*** Available data Section Begins ***

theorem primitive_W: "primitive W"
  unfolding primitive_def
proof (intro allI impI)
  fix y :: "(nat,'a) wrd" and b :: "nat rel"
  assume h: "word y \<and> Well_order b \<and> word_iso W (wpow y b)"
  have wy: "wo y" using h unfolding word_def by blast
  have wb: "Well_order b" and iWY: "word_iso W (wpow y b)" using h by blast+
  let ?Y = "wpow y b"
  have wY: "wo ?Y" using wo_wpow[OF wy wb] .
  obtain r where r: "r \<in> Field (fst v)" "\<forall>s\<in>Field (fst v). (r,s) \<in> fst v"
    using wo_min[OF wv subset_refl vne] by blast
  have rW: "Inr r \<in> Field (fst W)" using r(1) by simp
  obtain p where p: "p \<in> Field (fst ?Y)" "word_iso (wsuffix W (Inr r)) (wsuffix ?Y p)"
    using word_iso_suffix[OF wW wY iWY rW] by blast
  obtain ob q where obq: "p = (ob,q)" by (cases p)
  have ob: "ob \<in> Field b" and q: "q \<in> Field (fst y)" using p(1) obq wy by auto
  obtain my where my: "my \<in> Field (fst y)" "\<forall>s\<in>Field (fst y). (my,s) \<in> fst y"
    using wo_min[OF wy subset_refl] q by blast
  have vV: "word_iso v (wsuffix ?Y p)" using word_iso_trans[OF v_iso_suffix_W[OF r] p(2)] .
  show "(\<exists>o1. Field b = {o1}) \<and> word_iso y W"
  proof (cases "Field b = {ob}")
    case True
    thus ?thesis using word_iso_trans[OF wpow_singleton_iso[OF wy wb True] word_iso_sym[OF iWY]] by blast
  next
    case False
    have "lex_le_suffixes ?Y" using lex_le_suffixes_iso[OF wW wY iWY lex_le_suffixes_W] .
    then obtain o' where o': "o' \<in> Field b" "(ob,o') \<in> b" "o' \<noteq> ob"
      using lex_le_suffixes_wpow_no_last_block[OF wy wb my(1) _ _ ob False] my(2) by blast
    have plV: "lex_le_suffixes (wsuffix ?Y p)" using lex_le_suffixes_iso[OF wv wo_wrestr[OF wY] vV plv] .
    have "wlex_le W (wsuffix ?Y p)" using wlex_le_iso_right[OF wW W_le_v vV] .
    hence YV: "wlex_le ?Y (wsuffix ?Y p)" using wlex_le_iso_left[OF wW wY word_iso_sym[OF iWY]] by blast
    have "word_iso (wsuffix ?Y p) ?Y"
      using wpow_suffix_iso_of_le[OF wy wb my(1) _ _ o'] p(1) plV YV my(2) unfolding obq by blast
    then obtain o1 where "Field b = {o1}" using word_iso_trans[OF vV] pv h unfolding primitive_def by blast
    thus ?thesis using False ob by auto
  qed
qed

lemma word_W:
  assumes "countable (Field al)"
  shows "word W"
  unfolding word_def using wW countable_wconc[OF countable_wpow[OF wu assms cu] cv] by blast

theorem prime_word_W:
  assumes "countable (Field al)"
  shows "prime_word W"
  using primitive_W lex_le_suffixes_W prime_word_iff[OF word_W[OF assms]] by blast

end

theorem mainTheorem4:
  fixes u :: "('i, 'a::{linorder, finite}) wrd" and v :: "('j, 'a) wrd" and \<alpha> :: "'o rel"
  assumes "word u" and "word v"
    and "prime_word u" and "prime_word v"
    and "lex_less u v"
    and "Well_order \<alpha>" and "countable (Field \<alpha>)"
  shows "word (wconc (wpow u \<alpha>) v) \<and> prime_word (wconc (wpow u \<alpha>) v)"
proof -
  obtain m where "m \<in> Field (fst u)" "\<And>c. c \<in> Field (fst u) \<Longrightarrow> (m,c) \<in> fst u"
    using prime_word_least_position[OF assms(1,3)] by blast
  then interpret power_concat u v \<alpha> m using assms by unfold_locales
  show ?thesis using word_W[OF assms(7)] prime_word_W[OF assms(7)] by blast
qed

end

*** Available data Section Ends ***
*** Available data Section Begins ***

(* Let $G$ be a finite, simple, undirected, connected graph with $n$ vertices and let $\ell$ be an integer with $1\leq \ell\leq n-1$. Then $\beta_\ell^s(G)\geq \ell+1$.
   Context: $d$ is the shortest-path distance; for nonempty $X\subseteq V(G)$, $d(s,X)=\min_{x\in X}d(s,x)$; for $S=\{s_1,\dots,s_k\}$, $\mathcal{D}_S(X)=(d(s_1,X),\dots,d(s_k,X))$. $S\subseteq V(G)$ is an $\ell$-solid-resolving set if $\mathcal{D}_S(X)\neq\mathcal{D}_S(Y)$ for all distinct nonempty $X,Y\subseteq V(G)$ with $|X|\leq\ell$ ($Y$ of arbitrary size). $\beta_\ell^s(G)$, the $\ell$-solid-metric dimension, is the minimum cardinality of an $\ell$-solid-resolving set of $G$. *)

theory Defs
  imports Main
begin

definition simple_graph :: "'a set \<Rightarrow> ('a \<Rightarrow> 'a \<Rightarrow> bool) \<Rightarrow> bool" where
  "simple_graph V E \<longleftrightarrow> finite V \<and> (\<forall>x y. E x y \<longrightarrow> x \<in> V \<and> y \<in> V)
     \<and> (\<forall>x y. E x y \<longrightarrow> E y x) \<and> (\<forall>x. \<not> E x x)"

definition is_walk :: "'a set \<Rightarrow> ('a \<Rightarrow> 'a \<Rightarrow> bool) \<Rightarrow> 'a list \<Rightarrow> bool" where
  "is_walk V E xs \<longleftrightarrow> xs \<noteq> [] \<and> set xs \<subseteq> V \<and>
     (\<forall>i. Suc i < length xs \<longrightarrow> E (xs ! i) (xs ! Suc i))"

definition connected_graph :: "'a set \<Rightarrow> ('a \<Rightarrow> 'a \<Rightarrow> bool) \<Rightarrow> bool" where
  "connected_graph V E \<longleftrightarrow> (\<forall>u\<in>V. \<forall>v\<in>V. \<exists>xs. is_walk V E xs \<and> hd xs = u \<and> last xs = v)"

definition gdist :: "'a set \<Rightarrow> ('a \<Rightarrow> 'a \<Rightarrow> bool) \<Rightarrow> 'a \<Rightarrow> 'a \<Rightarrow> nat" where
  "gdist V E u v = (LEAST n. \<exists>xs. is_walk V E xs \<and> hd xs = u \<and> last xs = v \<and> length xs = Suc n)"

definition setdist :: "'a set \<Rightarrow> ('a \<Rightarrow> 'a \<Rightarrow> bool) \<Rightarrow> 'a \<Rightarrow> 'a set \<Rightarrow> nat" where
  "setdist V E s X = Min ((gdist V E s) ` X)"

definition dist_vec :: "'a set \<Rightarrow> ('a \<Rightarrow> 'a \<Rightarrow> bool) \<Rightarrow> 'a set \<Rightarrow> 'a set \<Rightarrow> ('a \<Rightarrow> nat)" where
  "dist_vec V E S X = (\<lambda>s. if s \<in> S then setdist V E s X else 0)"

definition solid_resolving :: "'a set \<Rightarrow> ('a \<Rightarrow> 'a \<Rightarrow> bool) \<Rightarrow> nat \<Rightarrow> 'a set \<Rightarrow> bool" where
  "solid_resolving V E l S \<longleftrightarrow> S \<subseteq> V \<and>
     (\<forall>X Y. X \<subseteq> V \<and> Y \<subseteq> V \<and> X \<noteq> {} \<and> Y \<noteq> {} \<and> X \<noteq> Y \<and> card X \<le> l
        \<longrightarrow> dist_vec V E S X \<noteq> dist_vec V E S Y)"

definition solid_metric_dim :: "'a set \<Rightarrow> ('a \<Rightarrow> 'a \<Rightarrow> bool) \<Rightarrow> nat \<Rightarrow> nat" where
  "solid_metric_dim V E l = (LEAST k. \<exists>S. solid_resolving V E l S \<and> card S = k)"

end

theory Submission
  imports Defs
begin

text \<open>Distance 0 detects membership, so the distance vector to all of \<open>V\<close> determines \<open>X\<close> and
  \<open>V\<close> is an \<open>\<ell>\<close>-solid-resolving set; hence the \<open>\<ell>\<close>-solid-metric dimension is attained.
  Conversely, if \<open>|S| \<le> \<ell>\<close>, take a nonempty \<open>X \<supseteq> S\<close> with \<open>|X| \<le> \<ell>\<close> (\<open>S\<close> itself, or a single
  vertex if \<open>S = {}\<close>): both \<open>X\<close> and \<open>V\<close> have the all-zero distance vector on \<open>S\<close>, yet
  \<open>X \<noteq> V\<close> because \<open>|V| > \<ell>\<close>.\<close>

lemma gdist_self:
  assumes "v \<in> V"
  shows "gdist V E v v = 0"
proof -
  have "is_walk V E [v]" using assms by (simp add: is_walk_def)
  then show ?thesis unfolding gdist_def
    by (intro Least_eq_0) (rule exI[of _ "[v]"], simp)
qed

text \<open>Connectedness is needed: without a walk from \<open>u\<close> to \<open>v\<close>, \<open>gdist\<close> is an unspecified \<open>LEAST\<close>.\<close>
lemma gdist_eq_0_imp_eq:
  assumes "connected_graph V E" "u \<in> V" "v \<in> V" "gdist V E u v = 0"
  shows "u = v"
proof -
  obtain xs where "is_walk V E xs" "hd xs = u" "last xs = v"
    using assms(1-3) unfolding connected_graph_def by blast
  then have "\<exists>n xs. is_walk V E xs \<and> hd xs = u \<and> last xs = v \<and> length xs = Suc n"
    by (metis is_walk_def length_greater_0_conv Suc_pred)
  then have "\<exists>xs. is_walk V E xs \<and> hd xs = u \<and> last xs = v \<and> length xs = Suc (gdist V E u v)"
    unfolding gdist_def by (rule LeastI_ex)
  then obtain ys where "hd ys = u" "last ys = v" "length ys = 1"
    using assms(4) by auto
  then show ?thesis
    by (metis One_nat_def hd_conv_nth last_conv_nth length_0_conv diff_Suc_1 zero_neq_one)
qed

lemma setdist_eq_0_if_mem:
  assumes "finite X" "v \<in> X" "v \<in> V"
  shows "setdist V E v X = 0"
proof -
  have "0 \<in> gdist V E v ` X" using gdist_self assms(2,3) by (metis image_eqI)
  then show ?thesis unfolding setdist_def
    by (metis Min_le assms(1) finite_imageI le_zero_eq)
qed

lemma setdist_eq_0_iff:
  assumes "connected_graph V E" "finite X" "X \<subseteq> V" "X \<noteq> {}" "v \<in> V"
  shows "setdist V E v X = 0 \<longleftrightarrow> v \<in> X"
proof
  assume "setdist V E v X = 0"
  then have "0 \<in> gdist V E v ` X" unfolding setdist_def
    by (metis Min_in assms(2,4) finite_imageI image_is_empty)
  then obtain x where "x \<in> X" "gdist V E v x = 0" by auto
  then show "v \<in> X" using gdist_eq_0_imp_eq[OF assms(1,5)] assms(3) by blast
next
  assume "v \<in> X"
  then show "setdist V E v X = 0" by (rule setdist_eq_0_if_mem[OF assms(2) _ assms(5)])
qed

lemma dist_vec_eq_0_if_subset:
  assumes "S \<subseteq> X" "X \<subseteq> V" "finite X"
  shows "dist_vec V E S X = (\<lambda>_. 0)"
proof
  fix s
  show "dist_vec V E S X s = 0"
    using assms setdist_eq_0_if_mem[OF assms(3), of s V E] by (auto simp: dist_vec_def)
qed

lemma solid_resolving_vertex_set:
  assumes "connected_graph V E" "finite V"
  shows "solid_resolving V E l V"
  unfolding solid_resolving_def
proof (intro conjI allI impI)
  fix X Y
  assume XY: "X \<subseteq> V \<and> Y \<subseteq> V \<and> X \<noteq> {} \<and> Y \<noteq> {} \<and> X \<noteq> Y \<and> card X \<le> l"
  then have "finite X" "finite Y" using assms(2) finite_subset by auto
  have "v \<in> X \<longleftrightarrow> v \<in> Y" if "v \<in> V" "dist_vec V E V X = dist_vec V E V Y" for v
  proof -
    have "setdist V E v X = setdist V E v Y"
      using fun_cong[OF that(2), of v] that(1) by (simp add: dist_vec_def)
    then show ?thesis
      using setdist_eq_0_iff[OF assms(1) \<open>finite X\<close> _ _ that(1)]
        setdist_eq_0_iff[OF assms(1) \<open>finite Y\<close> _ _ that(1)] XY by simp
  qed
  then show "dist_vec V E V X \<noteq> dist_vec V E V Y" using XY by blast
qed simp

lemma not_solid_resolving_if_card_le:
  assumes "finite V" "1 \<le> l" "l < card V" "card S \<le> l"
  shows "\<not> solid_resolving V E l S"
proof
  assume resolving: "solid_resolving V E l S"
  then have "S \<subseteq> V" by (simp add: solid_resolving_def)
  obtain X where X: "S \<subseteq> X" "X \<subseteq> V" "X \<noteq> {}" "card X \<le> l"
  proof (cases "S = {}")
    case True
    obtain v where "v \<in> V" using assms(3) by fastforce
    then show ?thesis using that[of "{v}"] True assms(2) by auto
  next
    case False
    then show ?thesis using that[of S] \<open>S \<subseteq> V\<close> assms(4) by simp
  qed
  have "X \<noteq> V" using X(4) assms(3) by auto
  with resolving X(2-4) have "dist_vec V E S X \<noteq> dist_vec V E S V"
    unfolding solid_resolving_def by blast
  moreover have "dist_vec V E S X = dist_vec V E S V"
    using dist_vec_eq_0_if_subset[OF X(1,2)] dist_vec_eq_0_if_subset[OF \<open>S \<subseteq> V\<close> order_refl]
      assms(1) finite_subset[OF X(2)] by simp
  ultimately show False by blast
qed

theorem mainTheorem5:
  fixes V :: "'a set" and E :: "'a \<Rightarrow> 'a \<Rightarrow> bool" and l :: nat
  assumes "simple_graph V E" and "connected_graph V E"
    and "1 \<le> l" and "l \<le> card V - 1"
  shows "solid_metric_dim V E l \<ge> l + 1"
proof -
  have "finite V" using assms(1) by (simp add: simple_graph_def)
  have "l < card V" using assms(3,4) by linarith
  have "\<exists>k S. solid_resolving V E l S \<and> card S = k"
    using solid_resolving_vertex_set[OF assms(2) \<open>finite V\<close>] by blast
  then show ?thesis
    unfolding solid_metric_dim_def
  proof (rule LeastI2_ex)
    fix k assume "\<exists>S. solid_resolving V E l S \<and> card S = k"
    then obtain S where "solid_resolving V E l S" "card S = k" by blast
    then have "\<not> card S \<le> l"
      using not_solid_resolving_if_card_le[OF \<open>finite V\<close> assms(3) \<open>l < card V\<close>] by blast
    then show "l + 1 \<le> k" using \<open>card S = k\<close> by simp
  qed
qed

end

*** Available data Section Ends ***

Aim of the exercise ::
In the entries, find every line holding "hence" and copy it.

Response below ::
    hence YV: "wlex_le ?Y (wsuffix ?Y p)" using wlex_le_iso_left[OF wW wY word_iso_sym[OF iWY]] by blast
  \<open>V\<close> is an \<open>\<ell>\<close>-solid-resolving set; hence the \<open>\<ell>\<close>-solid-metric dimension is attained.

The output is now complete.